# cheapest ipod nano - cork city?



## shootingstar (25 Oct 2006)

Hi All
looking to buy and ipod nano either 1gig or 2gig for my 14 yr old for xmas.. Any ideas where is the cheapest place in cork city to purchase one??


----------



## A_b (25 Oct 2006)

everywhere is the same price. You could order direct from Apple website and get free engraving.


----------



## addob (26 Oct 2006)

I have found Apple to offer the best price as well!


----------



## TarfHead (26 Oct 2006)

Apple set the price for dealers - they can't sell below that so you shouldn't waste time shopping around.


----------



## paddyc (26 Oct 2006)

You could try 


They have 2 Neon mp3's player with FM radios (A 1gig and a 2gig) which look like an ipod nano, even has the wheel - the 2 gig is round €75.
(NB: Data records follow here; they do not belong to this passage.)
(* Let $q$ be a prime power and $n,r$ integers with $1\le r\le\lfloor n/2\rfloor$. Let $\mathcal{C}\subseteq\mathrm{GF}(q)^{r\times(n-r)}$ be any nonempty set of matrices and $I(\mathcal{C}) = \{R({\bf I}_r\mid{\bf C}) : {\bf C}\in\mathcal{C}\}\subseteq E_r(q,n)$. Then $I(\mathcal{C})$ has covering radius $r$, i.e. $\max_{U\in E_r(q,n)}\min_{{\bf C}\in\mathcal{C}} d_{\mathrm{I}}(U, R({\bf I}_r\mid{\bf C})) = r$.
   Context: $E_r(q,n)$ is the set of $r$-dimensional subspaces of $\mathrm{GF}(q)^n$; $R({\bf M})$ is the row space of a matrix ${\bf M}$; the injection distance is $d_{\mathrm{I}}(U,V)=\dim(U+V)-\min\{\dim U,\dim V\}$. *)

theory Defs
  imports Main "HOL.Vector_Spaces" "HOL-Library.Function_Algebras"
begin

text \<open>Vectors of GF(q)^n are represented as functions nat \<Rightarrow> 'a vanishing from index n on;
  'a is a finite field (so q = CARD('a) is a prime power).\<close>

definition scl :: "'a::field \<Rightarrow> (nat \<Rightarrow> 'a) \<Rightarrow> (nat \<Rightarrow> 'a)" where
  "scl c v = (\<lambda>i. c * v i)"

definition Fvec :: "nat \<Rightarrow> (nat \<Rightarrow> 'a::field) set" where
  "Fvec n = {v. \<forall>i\<ge>n. v i = 0}"

definition sdim :: "(nat \<Rightarrow> 'a::field) set \<Rightarrow> nat" where
  "sdim U = vector_space.dim scl U"

definition Grass :: "nat \<Rightarrow> nat \<Rightarrow> (nat \<Rightarrow> 'a::field) set set" where
  "Grass r n = {U. module.subspace scl U \<and> U \<subseteq> Fvec n \<and> sdim U = r}"

definition ssum :: "(nat \<Rightarrow> 'a::field) set \<Rightarrow> (nat \<Rightarrow> 'a) set \<Rightarrow> (nat \<Rightarrow> 'a) set" where
  "ssum U V = {u + v | u v. u \<in> U \<and> v \<in> V}"

definition injdist :: "(nat \<Rightarrow> 'a::field) set \<Rightarrow> (nat \<Rightarrow> 'a) set \<Rightarrow> nat" where
  "injdist U V = sdim (ssum U V) - min (sdim U) (sdim V)"

definition Mats :: "nat \<Rightarrow> nat \<Rightarrow> (nat \<Rightarrow> nat \<Rightarrow> 'a::field) set" where
  "Mats r m = {C. \<forall>i j. (r \<le> i \<or> m \<le> j) \<longrightarrow> C i j = 0}"

definition IC_row :: "nat \<Rightarrow> nat \<Rightarrow> (nat \<Rightarrow> nat \<Rightarrow> 'a::field) \<Rightarrow> nat \<Rightarrow> (nat \<Rightarrow> 'a)" where
  "IC_row r n C k = (\<lambda>j. if j < r then (if j = k then 1 else 0)
                         else if j < n then C k (j - r) else 0)"

definition rowspace_IC :: "nat \<Rightarrow> nat \<Rightarrow> (nat \<Rightarrow> nat \<Rightarrow> 'a::field) \<Rightarrow> (nat \<Rightarrow> 'a) set" where
  "rowspace_IC r n C = module.span scl (IC_row r n C ` {..<r})"

end

theory Submission
  imports Defs
begin

text \<open>Both \<open>U\<close> and \<open>R(I_r | C)\<close> have dimension \<open>r\<close>, so \<open>dim(U + R(I_r | C)) \<le> 2r\<close> and the
  injection distance is at most \<open>r\<close>. Conversely, since \<open>2r \<le> n\<close>, the rows of \<open>(I_r | C)\<close>
  followed by the unit vectors \<open>e_r, \<dots>, e_(2r-1)\<close> are in echelon form with unit pivots on the
  diagonal. Hence the single subspace spanned by \<open>e_r, \<dots>, e_(2r-1)\<close> meets every \<open>R(I_r | C)\<close>
  trivially and is at distance exactly \<open>r\<close> from all of them.\<close>

interpretation vs: vector_space "scl :: 'a::field \<Rightarrow> (nat \<Rightarrow> 'a) \<Rightarrow> _"
  by unfold_locales (auto simp: scl_def fun_eq_iff algebra_simps)

lemma sum_fun_apply: "(\<Sum>x\<in>A. g x) (j::nat) = (\<Sum>x\<in>A. g x j :: 'a::comm_monoid_add)"
  by (induction A rule: infinite_finite_induct) auto

lemma ssum_span: "ssum (vs.span A) (vs.span B) = vs.span (A \<union> B)"
  by (simp add: ssum_def vs.span_Un)

definition unit_vec :: "nat \<Rightarrow> nat \<Rightarrow> 'a::field" where
  "unit_vec j = (\<lambda>i. if i = j then 1 else 0)"

definition unit_span :: "nat set \<Rightarrow> (nat \<Rightarrow> 'a::field) set" where
  "unit_span S = vs.span (unit_vec ` S)"

lemma echelon_inj_on:
  fixes v :: "nat \<Rightarrow> nat \<Rightarrow> 'a::field"
  assumes pivot: "\<forall>i\<in>I. v i i = 1" and below: "\<forall>i\<in>I. \<forall>j\<in>I. j < i \<longrightarrow> v i j = 0"
  shows "inj_on v I"
proof (rule inj_onI)
  fix i j assume ij: "i \<in> I" "j \<in> I" "v i = v j"
  show "i = j"
  proof (rule linorder_cases[of i j])
    assume "i < j"
    then have "v j i = 0" using below ij by blast
    then show ?thesis using pivot ij by (metis zero_neq_one)
  next
    assume "j < i"
    then have "v i j = 0" using below ij by blast
    then show ?thesis using pivot ij by (metis zero_neq_one)
  qed
qed

lemma echelon_independent:
  fixes v :: "nat \<Rightarrow> nat \<Rightarrow> 'a::field"
  assumes "finite I" and pivot: "\<forall>i\<in>I. v i i = 1"
    and below: "\<forall>i\<in>I. \<forall>j\<in>I. j < i \<longrightarrow> v i j = 0"
  shows "vs.independent (v ` I)"
proof (rule vs.independent_if_scalars_zero)
  show "finite (v ` I)" using \<open>finite I\<close> by simp
  have inj: "inj_on v I" using pivot below by (rule echelon_inj_on)
  fix f x
  assume "(\<Sum>x\<in>v ` I. scl (f x) x) = 0" and x: "x \<in> v ` I"
  then have combination: "(\<Sum>i\<in>I. f (v i) * v i j) = 0" for j
    by (simp add: sum.reindex[OF inj] sum_fun_apply scl_def fun_eq_iff)
  have "f (v j) = 0" if "j \<in> I" for j
    using that
  proof (induction j rule: less_induct)
    case (less j)
    \<comment> \<open>at coordinate \<open>j\<close>, earlier coefficients vanish by induction and later vectors vanish there\<close>
    have "(\<Sum>i\<in>I. f (v i) * v i j) = (\<Sum>i\<in>I. if i = j then f (v i) else 0)"
    proof (rule sum.cong)
      fix i assume "i \<in> I"
      then show "f (v i) * v i j = (if i = j then f (v i) else 0)"
        using less pivot below by (cases i j rule: linorder_cases) auto
    qed simp
    then show ?case using combination[of j] less.prems \<open>finite I\<close> by simp
  qed
  then show "f x = 0" using x by blast
qed

lemma sdim_span_echelon:
  fixes v :: "nat \<Rightarrow> nat \<Rightarrow> 'a::field"
  assumes "finite I" "\<forall>i\<in>I. v i i = 1" "\<forall>i\<in>I. \<forall>j\<in>I. j < i \<longrightarrow> v i j = 0"
  shows "sdim (vs.span (v ` I)) = card I"
  using vs.dim_span_eq_card_independent[OF echelon_independent[OF assms]]
    card_image[OF echelon_inj_on[OF assms(2,3)]]
  by (simp add: sdim_def)

lemma sdim_unit_span: "finite S \<Longrightarrow> sdim (unit_span S :: (nat \<Rightarrow> 'a::field) set) = card S"
  unfolding unit_span_def by (rule sdim_span_echelon) (auto simp: unit_vec_def)

lemma Fvec_subspace: "vs.subspace (Fvec n :: (nat \<Rightarrow> 'a::field) set)"
  by (auto simp: vs.subspace_def Fvec_def scl_def)

lemma unit_span_subset_Fvec:
  "S \<subseteq> {..<n} \<Longrightarrow> unit_span S \<subseteq> (Fvec n :: (nat \<Rightarrow> 'a::field) set)"
  unfolding unit_span_def
  by (rule vs.span_minimal[OF _ Fvec_subspace]) (auto simp: Fvec_def unit_vec_def)

lemma Fvec_eq_unit_span: "Fvec n = (unit_span {..<n} :: (nat \<Rightarrow> 'a::field) set)"
proof
  show "Fvec n \<subseteq> (unit_span {..<n} :: (nat \<Rightarrow> 'a) set)"
  proof
    fix v :: "nat \<Rightarrow> 'a" assume "v \<in> Fvec n"
    then have "v = (\<Sum>i<n. scl (v i) (unit_vec i))"
      by (auto simp: fun_eq_iff sum_fun_apply scl_def unit_vec_def Fvec_def if_distrib
          cong: if_cong)
    then show "v \<in> unit_span {..<n}"
      unfolding unit_span_def
      by (metis (no_types, lifting) image_eqI lessThan_iff vs.span_base vs.span_scale vs.span_sum)
  qed
  show "(unit_span {..<n} :: (nat \<Rightarrow> 'a) set) \<subseteq> Fvec n" by (rule unit_span_subset_Fvec) simp
qed

lemma finite_basis_of_subspace_Fvec:
  fixes U :: "(nat \<Rightarrow> 'a::field) set"
  assumes "vs.subspace U" "U \<subseteq> Fvec n"
  obtains B where "finite B" "vs.independent B" "vs.span B = U" "card B = sdim U"
proof -
  obtain B where B: "B \<subseteq> U" "vs.independent B" "U \<subseteq> vs.span B" "card B = vs.dim U"
    by (rule vs.basis_exists)
  have "finite B"
    using vs.independent_span_bound[of "unit_vec ` {..<n}" B] B(1,2) assms(2)
    by (auto simp: Fvec_eq_unit_span unit_span_def)
  moreover have "vs.span B = U" using B(1,3) vs.span_minimal[OF B(1) assms(1)] by blast
  ultimately show thesis using that B by (simp add: sdim_def)
qed

lemma sdim_ssum_le:
  fixes U V :: "(nat \<Rightarrow> 'a::field) set"
  assumes "vs.subspace U" "U \<subseteq> Fvec n" "vs.subspace V" "V \<subseteq> Fvec n"
  shows "sdim (ssum U V) \<le> sdim U + sdim V"
proof -
  obtain A where A: "finite A" "vs.span A = U" "card A = sdim U"
    using finite_basis_of_subspace_Fvec[OF assms(1,2)] by metis
  obtain B where B: "finite B" "vs.span B = V" "card B = sdim V"
    using finite_basis_of_subspace_Fvec[OF assms(3,4)] by metis
  have "sdim (ssum U V) \<le> card (A \<union> B)"
    unfolding sdim_def A(2)[symmetric] B(2)[symmetric] ssum_span
    by (rule vs.dim_le_card) (auto simp: A(1) B(1))
  also have "\<dots> \<le> sdim U + sdim V" using card_Un_le A(3) B(3) by metis
  finally show ?thesis .
qed

lemma injdist_le_max:
  fixes U V :: "(nat \<Rightarrow> 'a::field) set"
  assumes "vs.subspace U" "U \<subseteq> Fvec n" "vs.subspace V" "V \<subseteq> Fvec n"
  shows "injdist U V \<le> max (sdim U) (sdim V)"
  using sdim_ssum_le[OF assms] by (simp add: injdist_def)

lemma IC_row_echelon:
  "\<forall>i\<in>{..<r}. IC_row r n C i i = 1" "\<forall>i\<in>{..<r}. \<forall>j\<in>{..<r}. j < i \<longrightarrow> IC_row r n C i j = 0"
  by (auto simp: IC_row_def)

lemma rowspace_IC_subset_Fvec: "r \<le> n \<Longrightarrow> rowspace_IC r n C \<subseteq> Fvec n"
  unfolding rowspace_IC_def
  by (rule vs.span_minimal[OF _ Fvec_subspace]) (auto simp: Fvec_def IC_row_def)

lemma rowspace_IC_subspace: "vs.subspace (rowspace_IC r n C)"
  by (simp add: rowspace_IC_def)

lemma sdim_rowspace_IC: "sdim (rowspace_IC r n C) = r"
  unfolding rowspace_IC_def by (simp add: sdim_span_echelon IC_row_echelon)

lemma rowspace_IC_Grass: "r \<le> n \<Longrightarrow> rowspace_IC r n C \<in> Grass r n"
  by (simp add: Grass_def rowspace_IC_subspace sdim_rowspace_IC rowspace_IC_subset_Fvec)

lemma unit_block_Grass:
  "2 * r \<le> n \<Longrightarrow> unit_span {r..<2*r} \<in> (Grass r n :: (nat \<Rightarrow> 'a::field) set set)"
  by (auto simp: Grass_def sdim_unit_span intro!: unit_span_subset_Fvec) (simp add: unit_span_def)

lemma sdim_ssum_unit_block_rowspace_IC:
  fixes C :: "nat \<Rightarrow> nat \<Rightarrow> 'a::field"
  assumes "2 * r \<le> n"
  shows "sdim (ssum (unit_span {r..<2*r}) (rowspace_IC r n C)) = 2 * r"
proof -
  define w where "w i = (if i < r then IC_row r n C i else unit_vec i)" for i
  have "w ` {..<2*r} = unit_vec ` {r..<2*r} \<union> IC_row r n C ` {..<r}"
    by (force simp: w_def)
  moreover have "sdim (vs.span (w ` {..<2*r})) = 2 * r"
    using assms by (subst sdim_span_echelon) (auto simp: w_def IC_row_def unit_vec_def)
  ultimately show ?thesis by (simp add: unit_span_def rowspace_IC_def ssum_span)
qed

lemma injdist_unit_block_rowspace_IC:
  "2 * r \<le> n \<Longrightarrow> injdist (unit_span {r..<2*r}) (rowspace_IC r n (C :: nat \<Rightarrow> nat \<Rightarrow> 'a::field)) = r"
  by (simp add: injdist_def sdim_ssum_unit_block_rowspace_IC sdim_unit_span sdim_rowspace_IC)

lemma injdist_Grass_rowspace_IC_le:
  assumes "r \<le> n" "U \<in> Grass r n"
  shows "injdist U (rowspace_IC r n C) \<le> r"
  using injdist_le_max[of U n "rowspace_IC r n C"] rowspace_IC_Grass[OF assms(1), of C] assms(2)
  by (simp add: Grass_def sdim_rowspace_IC)

theorem lemma9:
  fixes \<C> :: "(nat \<Rightarrow> nat \<Rightarrow> 'a::{finite,field}) set"
    and n r :: nat
  assumes "1 \<le> r" and "r \<le> n div 2"
    and "\<C> \<subseteq> Mats r (n - r)" and "\<C> \<noteq> {}"
  shows "(MAX U \<in> (Grass r n :: (nat \<Rightarrow> 'a) set set).
            MIN C \<in> \<C>. injdist U (rowspace_IC r n C)) = r"
proof -
  have two_r_le_n: "2 * r \<le> n" and r_le_n: "r \<le> n" using assms(2) by linarith+
  define radius where "radius U = (MIN C \<in> \<C>. injdist U (rowspace_IC r n C))" for U
  have bounded: "radius U \<le> r" if "U \<in> Grass r n" for U
  proof -
    have "finite ((\<lambda>C. injdist U (rowspace_IC r n C)) ` \<C>)"
      by (rule finite_subset[of _ "{..r}"]) (auto intro: injdist_Grass_rowspace_IC_le[OF r_le_n that])
    then show ?thesis unfolding radius_def using assms(4)
      by (auto simp: Min_le_iff intro: injdist_Grass_rowspace_IC_le[OF r_le_n that])
  qed
  have attained: "radius (unit_span {r..<2*r}) = r"
    using assms(4) by (simp add: radius_def injdist_unit_block_rowspace_IC[OF two_r_le_n] image_constant_conv)
  have "Max (radius ` Grass r n) = r"
  proof (rule Max_eqI)
    show "finite (radius ` Grass r n)"
      by (rule finite_subset[of _ "{..r}"]) (auto intro: bounded)
    show "y \<le> r" if "y \<in> radius ` Grass r n" for y
      using that bounded by blast
    show "r \<in> radius ` Grass r n"
      using attained unit_block_Grass[OF two_r_le_n] by (metis image_eqI)
  qed
  then show ?thesis unfolding radius_def .
qed

end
Dunno if the mp3 players are any good, but I got a 2 gig mem stick off them last week and had it in a couple of days of being shipped, they are based in Celbridge


----------



## shootingstar (26 Oct 2006)

A_b said:


> everywhere is the same price. You could order direct from Apple website and get free engraving.


 
thanks a mill
i assume the site is www.apple.com...????? or am i being a blonde?


----------



## tt225 (27 Oct 2006)

It's apple.com, plus a few clicks to get to the store, and then to the Irish store, and finally (drumroll) to [broken link removed]


----------



## shootingstar (27 Oct 2006)

tt225 said:


> It's apple.com, plus a few clicks to get to the store, and then to the Irish store, and finally (drumroll) to [broken link removed]


 

take a bow tt225... take a bow my man


----------



## lisam (31 Oct 2006)

do you know anyone working for Apple, they can get them cheaper


----------



## marksa (31 Oct 2006)

is there a smyths toys in Cork? They are doing a special offer on nano e.g. 4gb at 208, which is the same as what I paid from www.ipodworld.co.uk a couple of months ago. Most Irish prices had ranged around 230-260 upwards.


----------



## ixtlan (2 Nov 2006)

TarfHead said:


> Apple set the price for dealers - they can't sell below that so you shouldn't waste time shopping around.



Would this not be illegal? Anti-competitive? Apple may set an RRP but to insist that no one breaches it would be questionable surely?


----------